Below are the methods we are experimenting with for this step :
- Noun Phrase Identification : Unsupervised noun phrase identification using the Gensim and NLTK libraries.
- BertTopic : Using BertTopic package to identify topics using pretrained language models. A detailed detailed explanation of BertTopic is provided at BertTopic
This step is designed to facilitate the mapping of keywords and topics extracted from academic research papers to the financial domain. By doing so, it empowers researchers and analysts to delve into the intricate relationships between funding flows and ongoing academic research. Through this mapping process, we aim to gain deeper insights into how financial factors intersect with and influence the world of academia.
We are experimenting with the below methods to create this mapping
- Word Embedding with Cosine Similarity
- Word Embedding and Char-Based Features with Cosine Similarity
- DBPedia Concept Normalization and Relationship Graph
Basic Plotting : This step is aimed at visualizing and analyzing trends in both research and financial data over a specified time frame, typically the last 20 years. This is a critical step for gaining insights into the data and understanding the growth patterns in both domains, as well as how they mutually influence each other.
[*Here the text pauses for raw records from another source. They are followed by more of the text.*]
(* Let $0<\alpha\le1$ and let $v,w:[0,T]\to L^2(\Omega)$ be (sufficiently integrable) functions. Then for $t\in[0,T]$, \[ \mathcal{I}\bigl(\langle\mathcal{I}^{1-\alpha}(v+w),v+w\rangle\bigr)(t)\le(1+\alpha^{-1})\Bigl(\mathcal{I}\bigl(\langle\mathcal{I}^{1-\alpha}v,v\rangle\bigr)(t)+\mathcal{I}\bigl(\langle\mathcal{I}^{1-\alpha}w,w\rangle\bigr)(t)\Bigr). \]
   Context: $\langle\cdot,\cdot\rangle$ is the $L^2(\Omega)$ inner product. $\mathcal{I}g(t)=\int_0^tg(s)\,ds$; for $\beta>0$, $\omega_\beta(t)=t^{\beta-1}/\Gamma(\beta)$ and $\mathcal{I}^\beta v(t)=\int_0^t\omega_\beta(t-s)v(s)\,ds$. *)

theory Defs
  imports "HOL-Analysis.Analysis"
begin

definition omega :: "real \<Rightarrow> real \<Rightarrow> real" where
  "omega \<beta> t = t powr (\<beta> - 1) / Gamma \<beta>"

definition Iint :: "(real \<Rightarrow> real) \<Rightarrow> real \<Rightarrow> real" where
  "Iint g t = set_lebesgue_integral lborel {0..t} g"

definition frac_int :: "real \<Rightarrow> (real \<Rightarrow> 'a::{banach, second_countable_topology}) \<Rightarrow> real \<Rightarrow> 'a" where
  "frac_int \<beta> v t =
     (if \<beta> = 0 then v t
      else set_lebesgue_integral lborel {0..t} (\<lambda>s. omega \<beta> (t - s) *\<^sub>R v s))"

end

(*
  Let b = 1 - alpha.  For 0 < b < 1 and U the restriction of u to [0, t], the integral of
  <I^b u, u> over [0, t] is the quadratic form

    Q(U) = double integral over r < s of omega_b(s - r) <U r, U s>.

  Symmetrising, 2 Q(U) is the double integral of omega_b(|s - r|) <U r, U s>.  With
  k(x, r) = (x - r)_+^(b/2 - 1), the substitution x = s + (s - r) y gives

    integral of k(x, r) k(x, s) dx = B(b/2, 1 - b) |s - r|^(b - 1),

  so by Fubini 2 Q(U) is a positive multiple of the integral over x of
  |integral of k(x, r) U r dr|^2, hence Q(U) >= 0.  A nonnegative quadratic form satisfies the
  parallelogram law Q(U + V) + Q(U - V) = 2 Q(U) + 2 Q(V), so Q(U + V) <= 2 (Q(U) + Q(V)), and
  2 <= 1 + 1/alpha.  For alpha = 1 the form is the integral of |U|^2 and the same argument applies.
*)
theory Submission
  imports Defs
begin

section \<open>Kernels\<close>

lemma nn_integral_powr_from_0_finite:
  fixes a c :: real
  assumes "a > -1" "c \<ge> 0"
  shows "(\<integral>\<^sup>+x. ennreal (indicator {0..c} x * x powr a) \<partial>lborel) < \<infinity>"
proof -
  have "integral\<^sup>N lborel (\<lambda>x. indicator {0..c} x * x powr a) = c powr (a + 1) / (a + 1)"
    by (rule nn_integral_has_integral_lebesgue) (auto intro: has_integral_powr_from_0 assms)
  then show ?thesis by simp
qed

lemma nn_integral_powr_to_inf_finite:
  fixes a c :: real
  assumes "a < -1" "c > 0"
  shows "(\<integral>\<^sup>+x. ennreal (indicator {c..} x * x powr a) \<partial>lborel) < \<infinity>"
proof -
  have "integral\<^sup>N lborel (\<lambda>x. indicator {c..} x * x powr a) = - (c powr (a + 1)) / (a + 1)"
    by (rule nn_integral_has_integral_lebesgue[OF _ has_integral_powr_to_inf[OF assms]])
       (use assms in auto)
  then show ?thesis by simp
qed

lemma omega_nonneg: "0 < b \<Longrightarrow> omega b \<tau> \<ge> 0"
  by (simp add: omega_def)

lemma omega_measurable[measurable (raw)]:
  assumes [measurable]: "f \<in> borel_measurable M"
  shows "(\<lambda>z. omega b (f z)) \<in> borel_measurable M"
  unfolding omega_def by measurable

lemma nn_integral_omega_abs_finite:
  assumes "0 < b"
  shows "(\<integral>\<^sup>+\<tau>. ennreal (indicator {-t..t} \<tau> * omega b \<bar>\<tau>\<bar>) \<partial>lborel) < \<infinity>"
proof -
  define P where "P \<tau> = ennreal (indicator {0..t} \<tau> * omega b \<tau>)" for \<tau> :: real
  have [measurable]: "P \<in> borel_measurable borel"
    unfolding P_def by measurable
  have P_finite: "(\<integral>\<^sup>+\<tau>. P \<tau> \<partial>lborel) < \<infinity>"
  proof (cases "0 \<le> t")
    case True
    have "(\<integral>\<^sup>+\<tau>. P \<tau> \<partial>lborel)
        = ennreal (1 / Gamma b) * (\<integral>\<^sup>+\<tau>. ennreal (indicator {0..t} \<tau> * \<tau> powr (b - 1)) \<partial>lborel)"
      using assms by (subst nn_integral_cmult[symmetric])
        (auto intro!: nn_integral_cong simp: P_def omega_def simp flip: ennreal_mult)
    then show ?thesis
      using nn_integral_powr_from_0_finite[of "b - 1" t] True assms by (simp add: ennreal_mult_less_top)
  qed (simp add: P_def)
  have "(\<integral>\<^sup>+\<tau>. ennreal (indicator {-t..t} \<tau> * omega b \<bar>\<tau>\<bar>) \<partial>lborel) \<le> (\<integral>\<^sup>+\<tau>. P \<tau> + P (- \<tau>) \<partial>lborel)"
    by (intro nn_integral_mono) (auto simp: P_def indicator_def abs_if)
  also have "\<dots> = (\<integral>\<^sup>+\<tau>. P \<tau> \<partial>lborel) + (\<integral>\<^sup>+\<tau>. P (- \<tau>) \<partial>lborel)"
    by (rule nn_integral_add) auto
  also have "(\<integral>\<^sup>+\<tau>. P (- \<tau>) \<partial>lborel) = (\<integral>\<^sup>+\<tau>. P \<tau> \<partial>lborel)"
    using nn_integral_real_affine[of P "- 1" 0] by simp
  also have "(\<integral>\<^sup>+\<tau>. P \<tau> \<partial>lborel) + (\<integral>\<^sup>+\<tau>. P \<tau> \<partial>lborel) < \<infinity>"
    using P_finite by simp
  finally show ?thesis .
qed

lemma omega_norm_product_le:
  fixes U :: "real \<Rightarrow> 'a::real_normed_vector"
  assumes "0 < b" and U: "\<And>r. r \<notin> {0..t} \<Longrightarrow> U r = 0"
  shows "omega b \<bar>s - r\<bar> * (norm (U r) * norm (U s))
           \<le> indicator {-t..t} (s - r) * omega b \<bar>s - r\<bar> * ((norm (U r))\<^sup>2 + (norm (U s))\<^sup>2)"
proof (cases "U r = 0 \<or> U s = 0")
  case True
  then show ?thesis
    using assms(1) by (auto simp: omega_nonneg)
next
  case False
  then have "r \<in> {0..t}" "s \<in> {0..t}"
    using U by blast+
  then have "s - r \<in> {-t..t}"
    by auto
  have "norm (U r) * norm (U s) \<le> (norm (U r))\<^sup>2 + (norm (U s))\<^sup>2"
    by (smt (verit) norm_ge_zero power2_eq_square mult_mono sum_squares_bound)
  then show ?thesis
    using \<open>s - r \<in> {-t..t}\<close> assms(1) by (simp add: omega_nonneg mult_left_mono)
qed

definition frac_kernel :: "real \<Rightarrow> real \<Rightarrow> real \<Rightarrow> real" where
  "frac_kernel b s r = (if r < s then omega b (s - r) else 0)"

lemma frac_kernel_measurable[measurable (raw)]:
  assumes [measurable]: "f \<in> borel_measurable M" "h \<in> borel_measurable M"
  shows "(\<lambda>z. frac_kernel b (f z) (h z)) \<in> borel_measurable M"
  unfolding frac_kernel_def by measurable

lemma abs_frac_kernel_le: "0 < b \<Longrightarrow> \<bar>frac_kernel b s r\<bar> \<le> omega b \<bar>s - r\<bar>"
  by (simp add: frac_kernel_def omega_nonneg)

lemma omega_abs_eq_frac_kernel_sum: "omega b \<bar>s - r\<bar> = frac_kernel b s r + frac_kernel b r s"
  by (cases r s rule: linorder_cases) (simp_all add: frac_kernel_def omega_def abs_minus_commute)

definition trunc_kernel :: "real \<Rightarrow> real \<Rightarrow> real \<Rightarrow> real" where
  "trunc_kernel g x r = (if r < x then (x - r) powr (g - 1) else 0)"

text \<open>This is the Beta integral \<open>B(g, 1 - 2 g)\<close>, finite exactly for \<open>0 < g < 1/2\<close>.\<close>
definition gram_constant :: "real \<Rightarrow> ennreal" where
  "gram_constant g =
     (\<integral>\<^sup>+y. ennreal (indicator {0<..} y * (y powr (g - 1) * (1 + y) powr (g - 1))) \<partial>lborel)"

lemma trunc_kernel_nonneg: "trunc_kernel g x r \<ge> 0"
  by (simp add: trunc_kernel_def)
We generate various trends and plots, including:
-
Number of Unique Authors per Field: This trend examines the number of unique authors in a particular field over the last 20 years, based on the first 30,000 papers.
-
Number of Computer Science Publications: This trend focuses on the number of publications in the field of Computer Science over the last 20 years.
-
Number of Medicine Publications: This trend tracks the number of publications in the field of Medicine over the last 20 years.
We utilize the Matplotlib and Plotly libraries to create interactive visualizations of these trends. Additionally, our plots include a moving average (rolling mean) with window sizes of 5 and 3 for the second and third plots, respectively. This smoothing technique helps to effectively visualize and understand any sudden fluctuations in the trends.
Our analysis goes a step further by presenting a dual trend within a single graph. One trend represents research data, while the other represents financial data. This dual trend visualization enhances our understanding of the interplay and influence between these two domains. By examining these trends, we gain valuable insights into the relationship between research and financial data over time, facilitating a more comprehensive understanding of their dynamics and impact on each other.